lemma se_psi_Suc_eq_0_front_advance:
  assumes om: "1 \<le> om" and P: "0 < P" and s2: "0 < s2" and c0: "1 \<le> c0"
    and init: "\<forall>c\<in>{1..La}. (c \<le> c0 \<or> c \<ge> La + 1 - c0) \<longrightarrow> se_psi om La P s2 R 1 c = 0"
    and front: "\<And>col. col \<in> {1..La} \<Longrightarrow> min col (La + 1 - col) \<le> T \<Longrightarrow> se_psi om La P s2 R t col = 0"
    and c: "c \<in> {1..La}" and near: "min c (La + 1 - c) \<le> T + c0"
  shows "se_psi om La P s2 R (Suc t) c = 0"
proof -
  consider "c \<le> T + c0" | "La + 1 - c \<le> T + c0"
    using near by linarith
  then show ?thesis
  proof cases
    case 1
    define S where "S = min (c - 1) T"
    have "c - S \<in> {1..La}" "c - S \<le> c0"
      using c c0 1 by (auto simp: S_def)
    then have "se_psi om La P s2 R (Suc 0) (c - S) = 0"
      using init by simp
    then have "se_psi om La P s2 R (Suc t) (c - S + S) = 0"
      by (rule se_psi_Suc_eq_0_left_front[OF om P s2]) (rule front; auto simp: S_def)
    then show ?thesis
      using c by (simp add: S_def)
  next
    case 2
    define S where "S = min (La - c) T"
    have "c + S \<in> {1..La}" "La + 1 - c0 \<le> c + S"
      using c c0 2 by (auto simp: S_def)
    then have "se_psi om La P s2 R (Suc 0) (c + S) = 0"
      using init by simp
    then show ?thesis
      by (rule se_psi_Suc_eq_0_right_front[OF om P s2]) (rule front; auto simp: S_def)
  qed
qed

lemma se_psi_eq_0_near_edges:
  assumes om: "1 \<le> om" and P: "0 < P" and s2: "0 < s2" and c0: "1 \<le> c0"
    and init: "\<forall>c\<in>{1..La}. (c \<le> c0 \<or> c \<ge> La + 1 - c0) \<longrightarrow> se_psi om La P s2 R 1 c = 0"
    and t: "1 \<le> t" and c: "c \<in> {1..La}" and near: "min c (La + 1 - c) \<le> t * c0"
  shows "se_psi om La P s2 R t c = 0"
proof -
  have "\<forall>c\<in>{1..La}. min c (La + 1 - c) \<le> Suc n * c0 \<longrightarrow> se_psi om La P s2 R (Suc n) c = 0" for n
  proof (induction n)
    case 0
    show ?case using init by auto
  next
    case (Suc n)
    show ?case
    proof (intro ballI impI)
      fix c assume c: "c \<in> {1..La}" and near: "min c (La + 1 - c) \<le> Suc (Suc n) * c0"
      show "se_psi om La P s2 R (Suc (Suc n)) c = 0"
      proof (rule se_psi_Suc_eq_0_front_advance[OF om P s2 c0 init _ c])
        show "se_psi om La P s2 R (Suc n) col = 0"
          if "col \<in> {1..La}" "min col (La + 1 - col) \<le> Suc n * c0" for col
          using Suc.IH that by blast
        show "min c (La + 1 - c) \<le> Suc n * c0 + c0"
          using near by simp
      qed
    qed
  qed
  with t c near show ?thesis
    by (cases t) auto
qed

lemma le_mult_if_ceiling_divide_le:
  fixes n d t :: nat
  assumes "0 < d" "\<lceil>real n / real d\<rceil> \<le> int t"
  shows "n \<le> t * d"
proof -
  have "real n / real d \<le> real t"
    using assms(2) by (simp add: ceiling_le_iff)
  then have "real n \<le> real (t * d)"
    using assms(1) by (simp add: divide_le_eq)
  then show ?thesis
    by linarith
qed

lemma se_psi_eq_0_all_columns:
  assumes om: "1 \<le> om" and P: "0 < P" and s2: "0 < s2" and c0: "1 \<le> c0"
    and init: "\<forall>c\<in>{1..La}. (c \<le> c0 \<or> c \<ge> La + 1 - c0) \<longrightarrow> se_psi om La P s2 R 1 c = 0"
    and t: "La \<le> 2 * t * c0" and c: "c \<in> {1..La}"
  shows "se_psi om La P s2 R t c = 0"
proof (rule se_psi_eq_0_near_edges[OF om P s2 c0 init _ c])
  show "1 \<le> t" using t c by (cases t) auto
  show "min c (La + 1 - c) \<le> t * c0" using t c by (simp add: min_def) arith
qed

section \<open>The first iteration near the ends\<close>

lemma se_psi_1_edge_columns_eq_0:
  assumes om: "1 \<le> om" and La: "2 * om - 1 \<le> La"
    and c: "1 \<le> c" "c \<le> om"
    and gain: "2 * R * se_kappa om La < edge_gain (se_kappa om La * se_snr P s2 / om) om c"
  shows "se_psi om La P s2 R 1 c = 0 \<and> se_psi om La P s2 R 1 (La + 1 - c) = 0"
proof -
  define k where "k = se_kappa om La"
  define b where "b = k * se_snr P s2 / om"
  let ?g = "\<lambda>m::nat. 1 / (s2 * (1 + b * real m))"
  have k: "0 < k"
    using om La by (simp add: k_def se_kappa_pos)
  have "P / om * (\<Sum>j<om. ?g (min (c + j) om)) * k = edge_gain b om c"
    unfolding edge_gain_def sum_distrib_left sum_distrib_right
    by (rule sum.cong) (simp_all add: b_def se_snr_def ac_simps)
  moreover have "2 * R * k < edge_gain b om c"
    using gain by (simp add: k_def b_def)
  ultimately have margin: "2 * R < P / om * (\<Sum>j<om. ?g (min (c + j) om))"
    using k by (metis mult_less_cancel_right_pos)
  have phi: "se_phi om La P s2 (\<lambda>_. 1) r = s2 * (1 + b * row_load om La (\<lambda>_. 1) r)" for r
    by (simp add: se_phi_row_load b_def k_def)
  have "(\<Sum>j<om. 1 / se_phi om La P s2 (se_psi om La P s2 R 0) (c + j)) = (\<Sum>j<om. ?g (min (c + j) om))"
    using row_load_ones_left_edge[OF La c] by (intro sum.cong) (simp_all add: phi)
  moreover have "(\<Sum>j<om. 1 / se_phi om La P s2 (se_psi om La P s2 R 0) (La + 1 - c + j))
      = (\<Sum>j<om. ?g (min (c + (om - Suc j)) om))"
    using row_load_ones_right_edge[OF La c] by (intro sum.cong) (simp_all add: phi)
  moreover have "(\<Sum>j<om. ?g (min (c + (om - Suc j)) om)) = (\<Sum>j<om. ?g (min (c + j) om))"
    by (rule sum.nat_diff_reindex)
  ultimately show ?thesis
    unfolding One_nat_def se_psi_Suc_eq_0_iff[OF om] using margin by simp
qed

lemma se_rate_below_capacity:
  assumes "1 \<le> om" "1 \<le> La"
    and "R < 1 / (2 * se_kappa om La) * ln (1 + se_kappa om La * se_snr P s2)"
  shows "2 * R * se_kappa om La < ln (1 + se_kappa om La * se_snr P s2)"
  using assms se_kappa_pos[of om La] by (simp add: field_simps)
text \<open>
  Colour the vertices of a stacked \<open>(d+1)\<close>-ball with \<open>d + 2\<close> colours so that every simplex
  \<open>\<Delta>\<^sub>i\<close> is rainbow. This is possible by induction along the stacking order: \<open>\<Delta>\<^sub>k\<^sub>+\<^sub>1\<close>
  meets the earlier simplices only in a \<open>d\<close>-face, so it has exactly one new vertex, which
  receives the one colour missing on that face. Every facet of \<open>B\<close> then sees all colours and every
  facet of \<open>\<partial>B\<close> (a \<open>d\<close>-face of some \<open>\<Delta>\<^sub>i\<close>) misses at most one. Hence the smallest colour
  class is a transversal of \<open>\<F>(B)\<close> and the two smallest together form one of \<open>\<F>(\<partial>B)\<close>;
  splitting the colours as \<open>{0,1}\<close> against the rest gives a proper 2-colouring of both
  hypergraphs, since \<open>d \<ge> 2\<close> leaves at least two colours on each side.
\<close>

definition rainbow_on :: "nat \<Rightarrow> ('a \<Rightarrow> nat) \<Rightarrow> 'a set \<Rightarrow> bool" where
  "rainbow_on q c V \<longleftrightarrow> inj_on c V \<and> c ` V \<subseteq> {..<q}"

lemma rainbow_on_subset: "rainbow_on q c V \<Longrightarrow> W \<subseteq> V \<Longrightarrow> rainbow_on q c W"
  unfolding rainbow_on_def by (auto intro: inj_on_subset)

lemma rainbow_on_cong: "(\<And>x. x \<in> V \<Longrightarrow> c' x = c x) \<Longrightarrow> rainbow_on q c' V \<longleftrightarrow> rainbow_on q c V"
  unfolding rainbow_on_def by (simp add: inj_on_def)

lemma rainbow_on_insert_fresh:
  assumes "rainbow_on q c W" "card W < q" "v \<notin> W"
  obtains col where "rainbow_on q (c(v := col)) (insert v W)"
proof -
  have inj: "inj_on c W" and im: "c ` W \<subseteq> {..<q}" using assms(1) unfolding rainbow_on_def by auto
  have "\<not> {..<q} \<subseteq> c ` W"
  proof
    assume "{..<q} \<subseteq> c ` W"
    then have "card {..<q} \<le> card (c ` W)" using im by (intro card_mono) (auto intro: finite_subset)
    then show False using assms(2) card_image[OF inj] by simp
  qed
  then obtain col where col: "col < q" "col \<notin> c ` W" by auto
  have same: "(c(v := col)) ` W = c ` W" using assms(3) by auto
  have "rainbow_on q (c(v := col)) W \<longleftrightarrow> rainbow_on q c W" using assms(3) by (intro rainbow_on_cong) auto
  then have "inj_on (c(v := col)) W" using assms(1) unfolding rainbow_on_def by simp
  then have "rainbow_on q (c(v := col)) (insert v W)"
    using col assms(3) same im unfolding rainbow_on_def by simp
  then show thesis by (rule that)
qed

definition hits_colour_sets :: "nat \<Rightarrow> nat \<Rightarrow> ('a \<Rightarrow> nat) \<Rightarrow> 'a set \<Rightarrow> bool" where
  "hits_colour_sets q r c e \<longleftrightarrow> (\<forall>A \<subseteq> {..<q}. r \<le> card A \<longrightarrow> (\<exists>x\<in>e. c x \<in> A))"

lemma hits_colour_sets_mono: "hits_colour_sets q r c e \<Longrightarrow> r \<le> r' \<Longrightarrow> hits_colour_sets q r' c e"
  unfolding hits_colour_sets_def by auto

lemma hits_colour_setsD:
  "hits_colour_sets q r c e \<Longrightarrow> A \<subseteq> {..<q} \<Longrightarrow> r \<le> card A \<Longrightarrow> \<exists>x\<in>e. c x \<in> A"
  unfolding hits_colour_sets_def by blast

lemma rainbow_on_hits_colour_sets:
  assumes "rainbow_on q c e" "q < card e + r"
  shows "hits_colour_sets q r c e"
  unfolding hits_colour_sets_def
proof (intro allI impI)
  fix A assume A: "A \<subseteq> {..<q}" "r \<le> card A"
  show "\<exists>x\<in>e. c x \<in> A"
  proof (rule ccontr)
    assume "\<not> ?thesis"
    then have disj: "c ` e \<inter> A = {}" by auto
    have inj: "inj_on c e" and im: "c ` e \<subseteq> {..<q}" using assms(1) unfolding rainbow_on_def by auto
    have "card e + card A = card (c ` e \<union> A)"
      using disj im A(1) card_image[OF inj] by (simp add: card_Un_disjoint finite_subset)
    also have "\<dots> \<le> card {..<q}" using im A(1) by (intro card_mono) auto
    finally show False using assms(2) A(2) by simp
  qed
qed
lemma payoff_antimono_strike:
  assumes "p > 0" "\<forall>j. A $ j \<le> B $ j"
  shows "payoff p x B K \<le> payoff p x A K"
proof -
  have calls_le: "pos_part (x $ j - B $ j) \<le> pos_part (x $ j - A $ j)" for j
    using assms(2) by (intro pos_part_mono) (simp add: algebra_simps)
  from \<open>p > 0\<close> show ?thesis
  proof (cases rule: ereal_pos_cases)
    case 1
    have "pos_part (x $ j - B $ j) \<le> (MAX j\<in>UNIV. pos_part (x $ j - A $ j))" for j
      using calls_le[of j] by (rule order_trans) (rule Max_ge; simp)
    then have "(MAX j\<in>UNIV. pos_part (x $ j - B $ j)) \<le> (MAX j\<in>UNIV. pos_part (x $ j - A $ j))"
      by simp
    then show ?thesis using 1 by (simp add: payoff_def pos_part_mono)
  next
    case (2 r)
    have "(\<Sum>j\<in>UNIV. pos_part (x $ j - B $ j) powr r) \<le> (\<Sum>j\<in>UNIV. pos_part (x $ j - A $ j) powr r)"
      using 2 by (intro sum_mono powr_mono2 calls_le) auto
    then have "(\<Sum>j\<in>UNIV. pos_part (x $ j - B $ j) powr r) powr (1/r)
        \<le> (\<Sum>j\<in>UNIV. pos_part (x $ j - A $ j) powr r) powr (1/r)"
      using 2 by (intro powr_mono2) (auto intro: sum_nonneg)
    then show ?thesis using 2 by (simp add: payoff_def pos_part_mono)
  qed
qed

lemma eventually_others_to_infty_ge:
  "eventually (\<lambda>L. \<forall>j. j \<noteq> i \<longrightarrow> t \<le> L $ j) (others_to_infty i)"
  unfolding others_to_infty_def
  by (subst eventually_INF_finite)
     (auto intro!: exI[of _ "\<lambda>j L. t \<le> L $ j"] simp: eventually_filtercomap_at_top_linorder)

lemma vec_nth_le_norm: "x $ j \<le> norm (x :: real ^ 'n)"
  using abs_ge_self component_le_norm_cart by (rule order_trans)

lemma tendsto_payoff_single_call:
  assumes "p > 0"
  shows "((\<lambda>L. payoff p x (with_coord Kv i L) K) \<longlongrightarrow> pos_part (pos_part (x $ i - Kv $ i) - K))
           (others_to_infty i)"
  using eventually_others_to_infty_ge[of i "norm x"]
proof (rule tendsto_eventually[OF eventually_mono])
  fix L assume "\<forall>j. j \<noteq> i \<longrightarrow> norm x \<le> L $ j"
  then have "\<forall>j. j \<noteq> i \<longrightarrow> x $ j \<le> with_coord Kv i L $ j"
    by (auto intro: order_trans[OF vec_nth_le_norm])
  then show "payoff p x (with_coord Kv i L) K = pos_part (pos_part (x $ i - Kv $ i) - K)"
    using payoff_single_call[OF \<open>p > 0\<close>, of i x "with_coord Kv i L" K] by simp
qed

lemma payoff_single_call_error_le:
  assumes "p > 0" "\<forall>j. 0 \<le> c $ j" and large: "\<forall>j. j \<noteq> i \<longrightarrow> t \<le> c $ j"
  shows "\<bar>payoff p x c 0 - pos_part (x $ i - c $ i)\<bar>
           \<le> (payoff p x 0 0 + pos_part (x $ i - c $ i)) * indicator {y. t < norm y} x"
proof (cases "t < norm x")
  case True
  have "payoff p x c 0 \<le> payoff p x 0 0"
    using assms(1,2) by (intro payoff_antimono_strike) simp_all
  moreover have "0 \<le> payoff p x c 0" "0 \<le> pos_part (x $ i - c $ i)"
    by (simp_all add: payoff_nonneg)
  ultimately show ?thesis using True by (simp add: abs_le_iff del: pos_part_nonneg)
next
  case False
  then have "\<forall>j. j \<noteq> i \<longrightarrow> x $ j \<le> c $ j"
    using large by (meson vec_nth_le_norm not_less order_trans)
  then show ?thesis using False payoff_single_call[OF \<open>p > 0\<close>, of i x c 0] by simp
qed
(* Let $(V,c)$ be a network satisfying the Yang-type inequality with constant $C_{YT}$. Let $\Omega\subset V$ be finite with Dirichlet eigenvalues $\lambda_1\le\cdots\le\lambda_{|\Omega|}$, and let $1\le k<|\Omega|$. If $\lambda_k\le1-\delta$ for some $\delta>0$, then $$\lambda_{k+1}-\lambda_{\min}\le(1+\theta)\,k^{\theta/2}(\lambda_1-\lambda_{\min}),\qquad\text{where }\theta=\frac{C_{YT}}{\delta}.$$
   Context: A network is a pair $(V,c)$ with $V$ countable and $c:V\times V\to[0,\infty)$ symmetric with $\pi(x)=\sum_yc(x,y)<\infty$; $P(x,y)=c(x,y)/\pi(x)$ and $\Delta f(x)=\sum_yP(x,y)(f(x)-f(y))$, a bounded self-adjoint operator on $L^2(V,\pi)$ (inner product $\sum_x\pi(x)f(x)\overline{g(x)}$) with spectrum in $[0,2]$; $\lambda_{\min}$ is the bottom of its spectrum. For finite $\Omega\subset V$, the Dirichlet eigenvalues $\lambda_1\le\cdots\le\lambda_{|\Omega|}$ of $\Omega$ are the eigenvalues (with multiplicity) of the compression $\Delta_\Omega f=\mathbf 1_\Omega\cdot\Delta f$ on functions vanishing outside $\Omega$. The network satisfies the Yang-type inequality with constant $C_{YT}$ if for every finite $\Omega\subset V$ and every $k<|\Omega|$: $\sum_{i=1}^k(\lambda_{k+1}-\lambda_i)^2(1-\lambda_i)\le C_{YT}\sum_{i=1}^k(\lambda_{k+1}-\lambda_i)(\lambda_i-\lambda_{\min})$. *)

theory Defs
  imports "HOL-Analysis.Analysis" "Jordan_Normal_Form.Char_Poly"
begin

text \<open>The vertex set V is the (countable) type 'a; c is the conductance.\<close>

definition pi_w :: "('a \<Rightarrow> 'a \<Rightarrow> real) \<Rightarrow> 'a \<Rightarrow> real" where
  "pi_w c x = infsum (c x) UNIV"

definition network :: "('a::countable \<Rightarrow> 'a \<Rightarrow> real) \<Rightarrow> bool" where
  "network c \<longleftrightarrow> (\<forall>x y. 0 \<le> c x y) \<and> (\<forall>x y. c x y = c y x)
     \<and> (\<forall>x. c x summable_on UNIV) \<and> (\<forall>x. 0 < pi_w c x)"

definition trans_P :: "('a \<Rightarrow> 'a \<Rightarrow> real) \<Rightarrow> 'a \<Rightarrow> 'a \<Rightarrow> real" where
  "trans_P c x y = c x y / pi_w c x"

definition lap :: "('a \<Rightarrow> 'a \<Rightarrow> real) \<Rightarrow> ('a \<Rightarrow> complex) \<Rightarrow> 'a \<Rightarrow> complex" where
  "lap c f x = infsum (\<lambda>y. complex_of_real (trans_P c x y) * (f x - f y)) UNIV"

definition l2 :: "('a \<Rightarrow> 'a \<Rightarrow> real) \<Rightarrow> ('a \<Rightarrow> complex) set" where
  "l2 c = {f. (\<lambda>x. pi_w c x * (cmod (f x))\<^sup>2) summable_on UNIV}"

definition l2norm :: "('a \<Rightarrow> 'a \<Rightarrow> real) \<Rightarrow> ('a \<Rightarrow> complex) \<Rightarrow> real" where
  "l2norm c f = sqrt (infsum (\<lambda>x. pi_w c x * (cmod (f x))\<^sup>2) UNIV)"
lemma four_point_sum_powr_strict_mono:
  fixes p \<sigma> :: real
  assumes sign: "\<sigma> * falling4 p > 0"
    and W: "a\<^sup>2 + b\<^sup>2 = a'\<^sup>2 + b'\<^sup>2" and prod: "\<bar>a * b\<bar> < \<bar>a' * b'\<bar>"
    and nonneg: "0 \<le> q - \<bar>a'\<bar> - \<bar>b'\<bar>" and pos: "0 < p \<or> 0 < q - \<bar>a'\<bar> - \<bar>b'\<bar>"
  shows "\<sigma> * four_point_sum (\<lambda>w. w powr p) q a b < \<sigma> * four_point_sum (\<lambda>w. w powr p) q a' b'"
proof -
  define lo where "lo = q - \<bar>a'\<bar> - \<bar>b'\<bar>"
  define c where "c k = \<sigma> * (\<Prod>i<k. p - real i)" for k
  have c_Suc: "c (Suc k) = c k * (p - real k)" for k by (simp add: c_def)
  have deriv: "((\<lambda>w. c k * w powr (p - real k)) has_real_derivative
      c (Suc k) * w powr (p - real (Suc k))) (at w)" if "w > lo" for k w
    using scaled_powr_has_real_derivative[of w "c k" "p - real k"] that nonneg
    by (simp add: lo_def c_Suc algebra_simps)
  have "four_point_sum (\<lambda>w. c 0 * w powr (p - real 0)) q a b
      < four_point_sum (\<lambda>w. c 0 * w powr (p - real 0)) q a' b'"
  proof (rule four_point_sum_strict_mono[OF deriv deriv deriv deriv _ _ W prod])
    have "c (Suc (Suc (Suc (Suc 0)))) = \<sigma> * falling4 p"
      by (simp add: c_def falling4_def algebra_simps)
    thus "c (Suc (Suc (Suc (Suc 0)))) * w powr (p - real (Suc (Suc (Suc (Suc 0))))) > 0"
      if "w > lo" for w using sign that nonneg lo_def by simp
    show "continuous_on {lo..} (\<lambda>w. c 0 * w powr (p - real 0))"
      using pos nonneg by (intro continuous_intros continuous_on_powr') (auto simp: lo_def)
    show "lo \<le> q - \<bar>a'\<bar> - \<bar>b'\<bar>" by (simp add: lo_def)
  qed
  moreover have "four_point_sum (\<lambda>w. c 0 * w powr (p - real 0)) q x y =
      \<sigma> * four_point_sum (\<lambda>w. w powr p) q x y" for x y
    by (simp add: four_point_sum_def c_def algebra_simps)
  ultimately show ?thesis by simp
qed

lemma four_point_sum_power_cong:
  fixes k :: nat
  assumes k: "k \<le> 3" and W: "a\<^sup>2 + b\<^sup>2 = a'\<^sup>2 + b'\<^sup>2"
  shows "four_point_sum (\<lambda>w. w ^ k) q a b = four_point_sum (\<lambda>w. w ^ k) q a' b'"
proof -
  have "four_point_sum (\<lambda>w. w ^ k) q x y =
      (if k = 0 then 4 else if k = 1 then 4 * q else if k = 2 then 4 * q\<^sup>2 + 4 * (x\<^sup>2 + y\<^sup>2)
       else 4 * q ^ 3 + 12 * q * (x\<^sup>2 + y\<^sup>2))" for x y
    using k unfolding four_point_sum_def
    by (auto simp: le_Suc_eq numeral_eq_Suc power2_eq_square power3_eq_cube algebra_simps)
  thus ?thesis using W by simp
qed

section \<open>Quadruples of cube vertices\<close>

definition flip_coord :: "'n \<Rightarrow> real^'n \<Rightarrow> real^'n" where
  "flip_coord i A = (\<chi> k. if k = i then - A $ k else A $ k)"

definition inner_off :: "'n \<Rightarrow> 'n \<Rightarrow> real^'n \<Rightarrow> real^'n \<Rightarrow> real" where
  "inner_off i j x y = (\<Sum>k\<in>UNIV - {i, j}. x $ k * y $ k)"

definition pair_base_vertices :: "'n \<Rightarrow> 'n \<Rightarrow> (real^'n) set" where
  "pair_base_vertices i j = {A \<in> cube_vertices. A $ i = 1/2 \<and> A $ j = 1/2}"

lemma flip_coord_nth: "flip_coord i A $ k = (if k = i then - A $ k else A $ k)"
  by (simp add: flip_coord_def)

lemma flip_coord_flip_coord [simp]: "flip_coord i (flip_coord i A) = A"
  by (simp add: vec_eq_iff flip_coord_nth)

lemma flip_coord_commute: "flip_coord i (flip_coord j A) = flip_coord j (flip_coord i A)"
  by (simp add: vec_eq_iff flip_coord_nth)

lemma flip_coord_cube_vertices: "A \<in> cube_vertices \<Longrightarrow> flip_coord i A \<in> cube_vertices"
  by (auto simp: cube_vertices_def flip_coord_nth)

lemma cube_vertex_nth: "A \<in> cube_vertices \<Longrightarrow> A $ i = 1/2 \<or> A $ i = -(1/2)"
  by (simp add: cube_vertices_def)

· · · · · · ·

WHAT TO DO: Write the number of lines in the data above that contain "thus", adding no other words.

SOLUTION TO THIS EXERCISE: 2